Ему показалось, Дора плачет.

– Дора, – проговорил он тихо. – Простите, я оскорбил вас. Я не хотел. Я думал, вы в любви тела также свободны и просты, как я. Вот и всё. Не делайте драмы. Выпустить я не могу, вы понимаете. Гостиница заперта. Надо вызывать швейцара. Ложитесь и спите.

Дора сидела у стола, закрывшись руками. Она плакала.

Борис тихо встал, бесшумно пройдя по ковру. Дора слышала его приближение, но теперь она его не боялась.

Подойдя, он взял ее руку. Рука была в слезах. Борис отнял ее от лица, несколько раз поцеловал. Потом поцеловал ее в голову, тихо проговорил:

– Простите за всё, Дора, может быть мы оба через несколько дней сойдем с ума… Прощаете?

Дора не отвечала. Но ее пальцы едва заметно сжали руку Бориса. Она прощала всё, но плакала. Борис еще раз поцеловал ее в волосы. И прошел к дивану. Он слышал, как Дора долго плакала. Прошла к кровати и, не раздеваясь, легла. Дальше Борис ничего не слыхал, заснул, провалившись в бездонную черную яму сна. Ничто не снилось ему. Не снилось и Доре, заснувшей в странной, вывернутой неудобной позе.

19

Карюю кобылу Каляева давно уж подвязали цыгане к широкой распялке розвальней, вместе с другими лошадьми вели далеко от Москвы. Лошади трусили за розвальнями, запряженными пятнастой белой кобылой с провислой спиной. Когда набегу кусались незнакомые лошади, били ногами, старый цыган кричал что-то дикое, отчего лошади успо-каивалсь. И тихо бежали за розвальнями.

Но «Мальчик» еще ковылял по Москве. Вместо обычного гарнца получал теперь два. На рассвете долго жевал съеденными зубами, выпуская в кормушку смешанное со слюной зерно, снова подхватывая теплыми, похожими на мухобойку, губами. Его можно было видеть в Кремле. Он дремал у царь-пушки, закрывая старые глаза.

Хозяин был с ним всё ласковее. Скребницей чеша старый круп, говаривал: – Ты, «Мальчик» молодец, свое дело знаешь. – «Мальчик» косился слезящимся глазом. Словно, чтоб отблагодарить, сразу брал подпрыгивающей рысью от извозчичьего двора.

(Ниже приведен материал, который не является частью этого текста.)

definition Xset :: "nat \<Rightarrow> ((nat \<Rightarrow> nat) \<times> (nat \<Rightarrow> real^'N)) set" where
  "Xset n = {(\<psi>, v). \<psi> \<in> Psi n \<and> v \<in> {..n} \<rightarrow>\<^sub>E UNIV \<and>
                     (\<Sum>i<n. real (\<psi> i) *\<^sub>R (v i - v n)) = 0}"

definition SX :: "nat \<Rightarrow> ((nat \<Rightarrow> nat) \<times> (nat \<Rightarrow> real^'N)) measure" where
  "SX n = restrict_space (count_space (Psi n) \<Otimes>\<^sub>M (\<Pi>\<^sub>M i\<in>{..n}. (borel :: (real^'N) measure))) (Xset n)"

definition rate :: "real \<Rightarrow> real \<Rightarrow> nat \<Rightarrow> (nat \<Rightarrow> nat) \<Rightarrow> nat \<Rightarrow> real" where
  "rate \<theta>a \<theta>d n \<psi> i =
     (\<theta>d * real (\<psi> i) + \<theta>a * (1 - real (\<psi> i))) /
     (\<theta>d * real (psize n \<psi>) + \<theta>a * (real n - real (psize n \<psi>)))"

definition flip :: "nat \<Rightarrow> (nat \<Rightarrow> nat) \<Rightarrow> (nat \<Rightarrow> nat)" where
  "flip i \<psi> = \<psi>(i := 1 - \<psi> i)"

definition step :: "nat \<Rightarrow> nat \<Rightarrow> (nat \<Rightarrow> nat) \<times> (nat \<Rightarrow> real^'N) \<Rightarrow> real^'N
                     \<Rightarrow> (nat \<Rightarrow> nat) \<times> (nat \<Rightarrow> real^'N)" where
  "step n i st x = (let \<psi> = fst st; v = snd st; s = psize n \<psi> in
     (flip i \<psi>,
      (if \<psi> i = 1 \<and> s = 1 then v
       else if \<psi> i = 1 \<and> s > 1 then
         v(n := v n - (1 / (real s - 1)) *\<^sub>R (v i - v n))
       else v(i := x + v n, n := (1 / (real s + 1)) *\<^sub>R x + v n))))"

text \<open>Transition kernel mu(x, B) = sum_i r_i(psi) lambda_i^x(B), where lambda_i^x is the
  law of step n i x under eta.\<close>
definition kernel :: "real \<Rightarrow> real \<Rightarrow> (real^'N) measure \<Rightarrow> nat
     \<Rightarrow> (nat \<Rightarrow> nat) \<times> (nat \<Rightarrow> real^'N) \<Rightarrow> ((nat \<Rightarrow> nat) \<times> (nat \<Rightarrow> real^'N)) set \<Rightarrow> real" where
  "kernel \<theta>a \<theta>d \<eta> n st B =
     (\<Sum>i<n. rate \<theta>a \<theta>d n (fst st) i * measure \<eta> {x \<in> space \<eta>. step n i st x \<in> B})"

definition gmax :: "nat \<Rightarrow> (nat \<Rightarrow> nat) \<times> (nat \<Rightarrow> real^'N) \<Rightarrow> real" where
  "gmax n st = Max ((\<lambda>i. infnorm (snd st i)) ` {..n})"

definition markov_process ::
  "'w measure \<Rightarrow> 's measure \<Rightarrow> ('s \<Rightarrow> 's set \<Rightarrow> real) \<Rightarrow> 's measure \<Rightarrow> (nat \<Rightarrow> 'w \<Rightarrow> 's) \<Rightarrow> bool" where
  "markov_process M S K \<rho> Y \<longleftrightarrow>
     prob_space M \<and> (\<forall>k. Y k \<in> M \<rightarrow>\<^sub>M S) \<and> distr M S (Y 0) = \<rho> \<and>
     (\<forall>k. \<forall>A \<in> sets (\<Pi>\<^sub>M i\<in>{..k}. S). \<forall>B \<in> sets S.
        measure M {\<omega> \<in> space M. (\<lambda>i\<in>{..k}. Y i \<omega>) \<in> A \<and> Y (Suc k) \<omega> \<in> B} =
        (LINT \<omega>:{\<omega> \<in> space M. (\<lambda>i\<in>{..k}. Y i \<omega>) \<in> A}|M. K (Y k \<omega>) B))"

end

theory Submission imports Defs begin

text \<open>Consider one transition and a draw \<open>x\<close> with \<open>|x|\<^sub>\<infinity> \<le> R\<close>. If an inactive coordinate is
  activated, the two changed vectors are \<open>v n\<close> plus \<open>x\<close> or \<open>x/(|\<psi>|+1)\<close>, so their norms grow
  by at most \<open>R\<close>. If an active coordinate \<open>i\<close> is deactivated, the constraint
  \<open>\<Sum>\<^sub>j \<psi> j (v j - v n) = 0\<close> shows that the new centre \<open>v n - (v i - v n)/(|\<psi>| - 1)\<close> is the
  average of the remaining active \<open>v j\<close>, so its norm is at most \<open>g\<close>. Hence every
  transition allowed by the kernel raises \<open>g\<close> by at most \<open>R\<close>, except on an \<open>\<eta>\<close>-null set of
  draws; the Markov property turns this into an almost sure bound, and the bound after
  \<open>k\<close> steps follows by summing the increments.\<close>

lemma infnorm_sum_le:
  fixes f :: "'b \<Rightarrow> 'a::euclidean_space"
  shows "infnorm (\<Sum>j\<in>S. f j) \<le> (\<Sum>j\<in>S. infnorm (f j))"
  by (induction S rule: infinite_finite_induct)
     (auto simp: infnorm_0 intro: order_trans[OF infnorm_triangle])

lemma infnorm_weighted_average_le:
  fixes v :: "'b \<Rightarrow> 'a::euclidean_space"
  assumes "finite T" and "\<And>j. j \<in> T \<Longrightarrow> w j \<ge> 0"
    and "\<And>j. j \<in> T \<Longrightarrow> infnorm (v j) \<le> G" and W: "(\<Sum>j\<in>T. w j) > 0"
  shows "infnorm ((1 / (\<Sum>j\<in>T. w j)) *\<^sub>R (\<Sum>j\<in>T. w j *\<^sub>R v j)) \<le> G"
proof -
  let ?W = "\<Sum>j\<in>T. w j"
  have "infnorm (\<Sum>j\<in>T. w j *\<^sub>R v j) \<le> (\<Sum>j\<in>T. infnorm (w j *\<^sub>R v j))"
    by (rule infnorm_sum_le)
  also have "\<dots> \<le> (\<Sum>j\<in>T. w j * G)"
    using assms(2,3) by (intro sum_mono) (simp add: infnorm_mul mult_left_mono)
  also have "\<dots> = ?W * G"
    by (simp add: sum_distrib_right)
  finally have "infnorm (\<Sum>j\<in>T. w j *\<^sub>R v j) / ?W \<le> G"
    using W by (simp add: divide_le_eq mult.commute)
  then show ?thesis
    using W by (simp add: infnorm_mul)
qed

lemma infnorm_le_gmax: "j \<le> n \<Longrightarrow> infnorm (snd st j) \<le> gmax n st"
  unfolding gmax_def by (rule Max_ge) auto

lemma gmax_leI: "(\<And>j. j \<le> n \<Longrightarrow> infnorm (snd st j) \<le> c) \<Longrightarrow> gmax n st \<le> c"
  unfolding gmax_def by (subst Max_le_iff) auto

lemma psize_remove:
  assumes "i < n" and "\<psi> i = 1"
  shows "(\<Sum>j\<in>{..<n} - {i}. real (\<psi> j)) = real (psize n \<psi>) - 1"
proof -
  have "psize n \<psi> = \<psi> i + (\<Sum>j\<in>{..<n} - {i}. \<psi> j)"
    unfolding psize_def using assms(1) by (simp add: sum.remove)
  then show ?thesis
    using assms(2) by simp
qed

lemma Xset_centre_removal_eq:
  assumes X: "(\<psi>, v) \<in> Xset n" and i: "i < n" and "\<psi> i = 1" and s: "psize n \<psi> > 1"
  defines "T \<equiv> {..<n} - {i}"
  shows "v n - (1 / (real (psize n \<psi>) - 1)) *\<^sub>R (v i - v n)
       = (1 / (\<Sum>j\<in>T. real (\<psi> j))) *\<^sub>R (\<Sum>j\<in>T. real (\<psi> j) *\<^sub>R v j)"
proof -
  let ?s = "real (psize n \<psi>)"
  have weights: "(\<Sum>j\<in>T. real (\<psi> j)) = ?s - 1"
    unfolding T_def by (rule psize_remove) fact+
  have "(\<Sum>j<n. real (\<psi> j) *\<^sub>R (v j - v n)) = 0"
    using X by (simp add: Xset_def)
  then have "(v i - v n) + (\<Sum>j\<in>T. real (\<psi> j) *\<^sub>R (v j - v n)) = 0"
    using i \<open>\<psi> i = 1\<close> by (simp add: T_def sum.remove)
  then have constraint: "(\<Sum>j\<in>T. real (\<psi> j) *\<^sub>R (v j - v n)) = - (v i - v n)"
    by (metis add.commute eq_neg_iff_add_eq_0)
  have "(\<Sum>j\<in>T. real (\<psi> j) *\<^sub>R v j)
      = (\<Sum>j\<in>T. real (\<psi> j) *\<^sub>R (v j - v n)) + (\<Sum>j\<in>T. real (\<psi> j)) *\<^sub>R v n"
    by (simp add: scaleR_diff_right sum.distrib[symmetric] scaleR_sum_left)
  also have "\<dots> = (?s - 1) *\<^sub>R v n - (v i - v n)"
    using constraint weights by simp
  finally show ?thesis
    using s by (simp add: weights scaleR_diff_right)
qed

«Мальчик», стоя, спал в Большом Черкасском переулке. Он не знал, что сегодня 2-е февраля и зачем к саням подошел, поскользнувшийся на льдистом тротуаре барин в бобрах.

20

Несколько часов тому назад Савинков звонил по телефону Доре в «Славянский базар», говоря.

– Погода прекрасная, думаю мы сегодня поедем.

– Как хотите, Джемс – ответила Дора, И взволнованно прошла в свой номер. В нем Дора заперлась. Быстро открыв шкаф, с трудом вытащила чемодан с динамитом. Останавливаясь от волненья, твердя «возьми себя в руки, возьми себя в руки», начала приготовление бомб для Сергея.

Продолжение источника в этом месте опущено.